AVAILABLE DATA –
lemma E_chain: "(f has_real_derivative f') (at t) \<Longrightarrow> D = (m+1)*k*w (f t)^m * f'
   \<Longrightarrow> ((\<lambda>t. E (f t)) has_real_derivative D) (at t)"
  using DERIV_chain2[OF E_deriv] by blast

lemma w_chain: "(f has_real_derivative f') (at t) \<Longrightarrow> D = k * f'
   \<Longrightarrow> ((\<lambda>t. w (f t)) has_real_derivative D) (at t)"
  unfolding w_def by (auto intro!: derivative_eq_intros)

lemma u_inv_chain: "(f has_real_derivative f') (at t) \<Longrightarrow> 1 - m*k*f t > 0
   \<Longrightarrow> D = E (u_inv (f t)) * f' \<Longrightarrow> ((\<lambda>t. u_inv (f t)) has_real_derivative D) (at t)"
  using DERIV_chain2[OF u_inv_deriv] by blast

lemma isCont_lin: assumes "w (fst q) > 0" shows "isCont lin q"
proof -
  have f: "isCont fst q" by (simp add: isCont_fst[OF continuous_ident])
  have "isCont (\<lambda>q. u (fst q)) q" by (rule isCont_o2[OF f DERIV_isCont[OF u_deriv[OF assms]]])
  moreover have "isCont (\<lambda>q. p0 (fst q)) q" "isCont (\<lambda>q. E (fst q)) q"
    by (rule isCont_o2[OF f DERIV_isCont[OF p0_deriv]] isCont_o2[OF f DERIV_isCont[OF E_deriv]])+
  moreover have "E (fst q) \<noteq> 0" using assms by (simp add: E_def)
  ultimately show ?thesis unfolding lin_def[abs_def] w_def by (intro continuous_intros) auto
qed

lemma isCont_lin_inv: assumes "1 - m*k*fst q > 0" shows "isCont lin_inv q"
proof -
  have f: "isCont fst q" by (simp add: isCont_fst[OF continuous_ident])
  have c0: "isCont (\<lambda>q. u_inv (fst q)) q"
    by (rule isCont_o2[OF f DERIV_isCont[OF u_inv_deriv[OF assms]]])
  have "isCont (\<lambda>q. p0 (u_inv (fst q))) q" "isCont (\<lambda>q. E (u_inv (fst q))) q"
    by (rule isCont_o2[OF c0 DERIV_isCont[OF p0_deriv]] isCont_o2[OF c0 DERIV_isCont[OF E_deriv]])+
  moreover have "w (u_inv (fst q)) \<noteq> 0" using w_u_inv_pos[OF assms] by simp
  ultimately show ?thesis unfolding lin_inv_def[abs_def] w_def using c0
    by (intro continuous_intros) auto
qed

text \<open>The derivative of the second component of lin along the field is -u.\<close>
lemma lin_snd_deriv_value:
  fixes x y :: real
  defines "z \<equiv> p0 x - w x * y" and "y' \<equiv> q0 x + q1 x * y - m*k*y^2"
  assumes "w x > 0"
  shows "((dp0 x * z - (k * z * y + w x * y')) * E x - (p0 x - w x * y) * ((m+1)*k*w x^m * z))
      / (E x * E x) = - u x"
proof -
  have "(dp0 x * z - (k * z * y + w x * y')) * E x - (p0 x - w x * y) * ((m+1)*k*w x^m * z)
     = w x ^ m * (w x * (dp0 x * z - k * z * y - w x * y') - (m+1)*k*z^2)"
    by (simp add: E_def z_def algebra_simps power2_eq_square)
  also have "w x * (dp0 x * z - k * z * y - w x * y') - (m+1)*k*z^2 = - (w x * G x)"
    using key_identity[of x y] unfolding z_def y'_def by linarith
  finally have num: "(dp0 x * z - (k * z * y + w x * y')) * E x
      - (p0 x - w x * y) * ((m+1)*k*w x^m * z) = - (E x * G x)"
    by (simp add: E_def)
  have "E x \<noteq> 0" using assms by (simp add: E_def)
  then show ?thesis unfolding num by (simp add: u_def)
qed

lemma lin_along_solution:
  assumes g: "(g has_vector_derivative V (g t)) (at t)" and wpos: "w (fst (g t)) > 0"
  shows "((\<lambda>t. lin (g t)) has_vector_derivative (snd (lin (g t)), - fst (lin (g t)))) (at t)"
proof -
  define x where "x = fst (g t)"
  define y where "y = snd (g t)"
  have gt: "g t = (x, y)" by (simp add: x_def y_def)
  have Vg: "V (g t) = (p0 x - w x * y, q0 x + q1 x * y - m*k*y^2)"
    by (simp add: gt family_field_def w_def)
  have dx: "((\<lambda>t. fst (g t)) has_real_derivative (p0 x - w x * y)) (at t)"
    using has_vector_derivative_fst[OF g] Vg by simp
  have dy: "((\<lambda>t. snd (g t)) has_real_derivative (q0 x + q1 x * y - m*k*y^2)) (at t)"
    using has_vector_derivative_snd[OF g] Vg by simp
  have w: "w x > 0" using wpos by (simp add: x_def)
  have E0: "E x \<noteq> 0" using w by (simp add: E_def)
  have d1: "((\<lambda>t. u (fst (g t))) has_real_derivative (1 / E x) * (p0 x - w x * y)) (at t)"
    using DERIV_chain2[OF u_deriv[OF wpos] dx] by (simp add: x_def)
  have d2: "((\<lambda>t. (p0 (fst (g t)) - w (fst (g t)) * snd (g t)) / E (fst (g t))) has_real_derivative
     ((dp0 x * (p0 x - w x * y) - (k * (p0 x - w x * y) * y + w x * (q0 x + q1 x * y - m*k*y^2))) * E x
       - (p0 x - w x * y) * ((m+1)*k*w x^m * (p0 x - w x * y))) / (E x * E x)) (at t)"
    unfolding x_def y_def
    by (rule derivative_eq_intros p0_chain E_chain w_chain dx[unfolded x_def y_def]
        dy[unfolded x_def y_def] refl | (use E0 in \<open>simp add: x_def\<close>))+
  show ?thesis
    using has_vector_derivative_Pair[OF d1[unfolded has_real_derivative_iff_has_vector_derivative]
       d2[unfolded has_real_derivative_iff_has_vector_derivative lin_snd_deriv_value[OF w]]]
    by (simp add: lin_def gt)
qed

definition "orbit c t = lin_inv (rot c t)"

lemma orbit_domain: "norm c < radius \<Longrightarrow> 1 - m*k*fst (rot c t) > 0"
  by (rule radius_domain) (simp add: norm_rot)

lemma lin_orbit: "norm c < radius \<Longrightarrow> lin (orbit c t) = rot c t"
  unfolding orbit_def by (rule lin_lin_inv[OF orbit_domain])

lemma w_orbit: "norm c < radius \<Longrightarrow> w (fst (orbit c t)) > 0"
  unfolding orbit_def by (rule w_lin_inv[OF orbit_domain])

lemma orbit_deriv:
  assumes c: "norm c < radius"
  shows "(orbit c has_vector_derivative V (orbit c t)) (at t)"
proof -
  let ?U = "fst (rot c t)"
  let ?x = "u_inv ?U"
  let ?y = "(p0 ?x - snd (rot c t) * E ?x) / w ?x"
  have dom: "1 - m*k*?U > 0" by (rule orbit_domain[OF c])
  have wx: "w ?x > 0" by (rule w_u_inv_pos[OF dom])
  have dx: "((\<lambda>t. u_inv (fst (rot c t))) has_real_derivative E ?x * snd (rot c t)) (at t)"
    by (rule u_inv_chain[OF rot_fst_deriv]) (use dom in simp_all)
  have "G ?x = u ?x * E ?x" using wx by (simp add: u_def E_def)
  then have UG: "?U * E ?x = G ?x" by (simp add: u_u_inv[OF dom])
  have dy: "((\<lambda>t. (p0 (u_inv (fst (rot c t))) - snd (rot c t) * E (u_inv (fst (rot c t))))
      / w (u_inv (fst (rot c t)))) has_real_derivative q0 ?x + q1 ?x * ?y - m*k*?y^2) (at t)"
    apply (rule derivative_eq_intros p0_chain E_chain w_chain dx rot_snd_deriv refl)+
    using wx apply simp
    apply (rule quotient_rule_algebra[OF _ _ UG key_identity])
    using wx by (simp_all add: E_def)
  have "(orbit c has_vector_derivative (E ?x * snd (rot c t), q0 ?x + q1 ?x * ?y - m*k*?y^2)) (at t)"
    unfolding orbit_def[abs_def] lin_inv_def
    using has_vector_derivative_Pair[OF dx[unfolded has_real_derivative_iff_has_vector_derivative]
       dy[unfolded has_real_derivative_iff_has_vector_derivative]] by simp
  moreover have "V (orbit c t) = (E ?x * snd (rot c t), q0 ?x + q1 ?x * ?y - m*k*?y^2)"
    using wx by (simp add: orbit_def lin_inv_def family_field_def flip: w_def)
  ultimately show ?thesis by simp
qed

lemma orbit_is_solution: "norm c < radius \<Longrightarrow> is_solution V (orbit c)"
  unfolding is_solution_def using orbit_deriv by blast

---

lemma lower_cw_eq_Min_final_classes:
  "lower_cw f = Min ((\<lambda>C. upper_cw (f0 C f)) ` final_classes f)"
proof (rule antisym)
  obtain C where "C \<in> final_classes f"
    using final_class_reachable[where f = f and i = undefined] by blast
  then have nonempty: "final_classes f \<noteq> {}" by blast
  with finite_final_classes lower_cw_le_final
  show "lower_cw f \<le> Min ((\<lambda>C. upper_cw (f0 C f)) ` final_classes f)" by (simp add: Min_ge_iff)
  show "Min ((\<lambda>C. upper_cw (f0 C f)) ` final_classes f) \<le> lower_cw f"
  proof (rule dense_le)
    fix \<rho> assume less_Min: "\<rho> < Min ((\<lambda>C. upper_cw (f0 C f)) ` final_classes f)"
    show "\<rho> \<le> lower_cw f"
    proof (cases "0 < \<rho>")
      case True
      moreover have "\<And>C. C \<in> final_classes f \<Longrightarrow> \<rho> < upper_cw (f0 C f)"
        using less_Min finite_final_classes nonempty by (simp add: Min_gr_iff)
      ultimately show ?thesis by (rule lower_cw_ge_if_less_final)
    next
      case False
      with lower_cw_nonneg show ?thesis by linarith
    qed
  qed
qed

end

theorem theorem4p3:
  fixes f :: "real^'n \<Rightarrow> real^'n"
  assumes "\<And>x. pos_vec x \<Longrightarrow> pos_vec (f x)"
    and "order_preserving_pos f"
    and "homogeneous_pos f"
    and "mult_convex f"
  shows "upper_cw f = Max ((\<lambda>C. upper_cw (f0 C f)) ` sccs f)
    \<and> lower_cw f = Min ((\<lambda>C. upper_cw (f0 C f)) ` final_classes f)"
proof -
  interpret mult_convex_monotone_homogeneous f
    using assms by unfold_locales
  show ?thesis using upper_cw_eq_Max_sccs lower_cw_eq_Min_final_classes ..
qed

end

EXERCISE BRIEF – Whenever the word "then" shows up in a line of the entries, list that line.

ANSWER –
  then show ?thesis unfolding num by (simp add: u_def)
  then have UG: "?U * E ?x = G ?x" by (simp add: u_u_inv[OF dom])
  then have nonempty: "final_classes f \<noteq> {}" by blast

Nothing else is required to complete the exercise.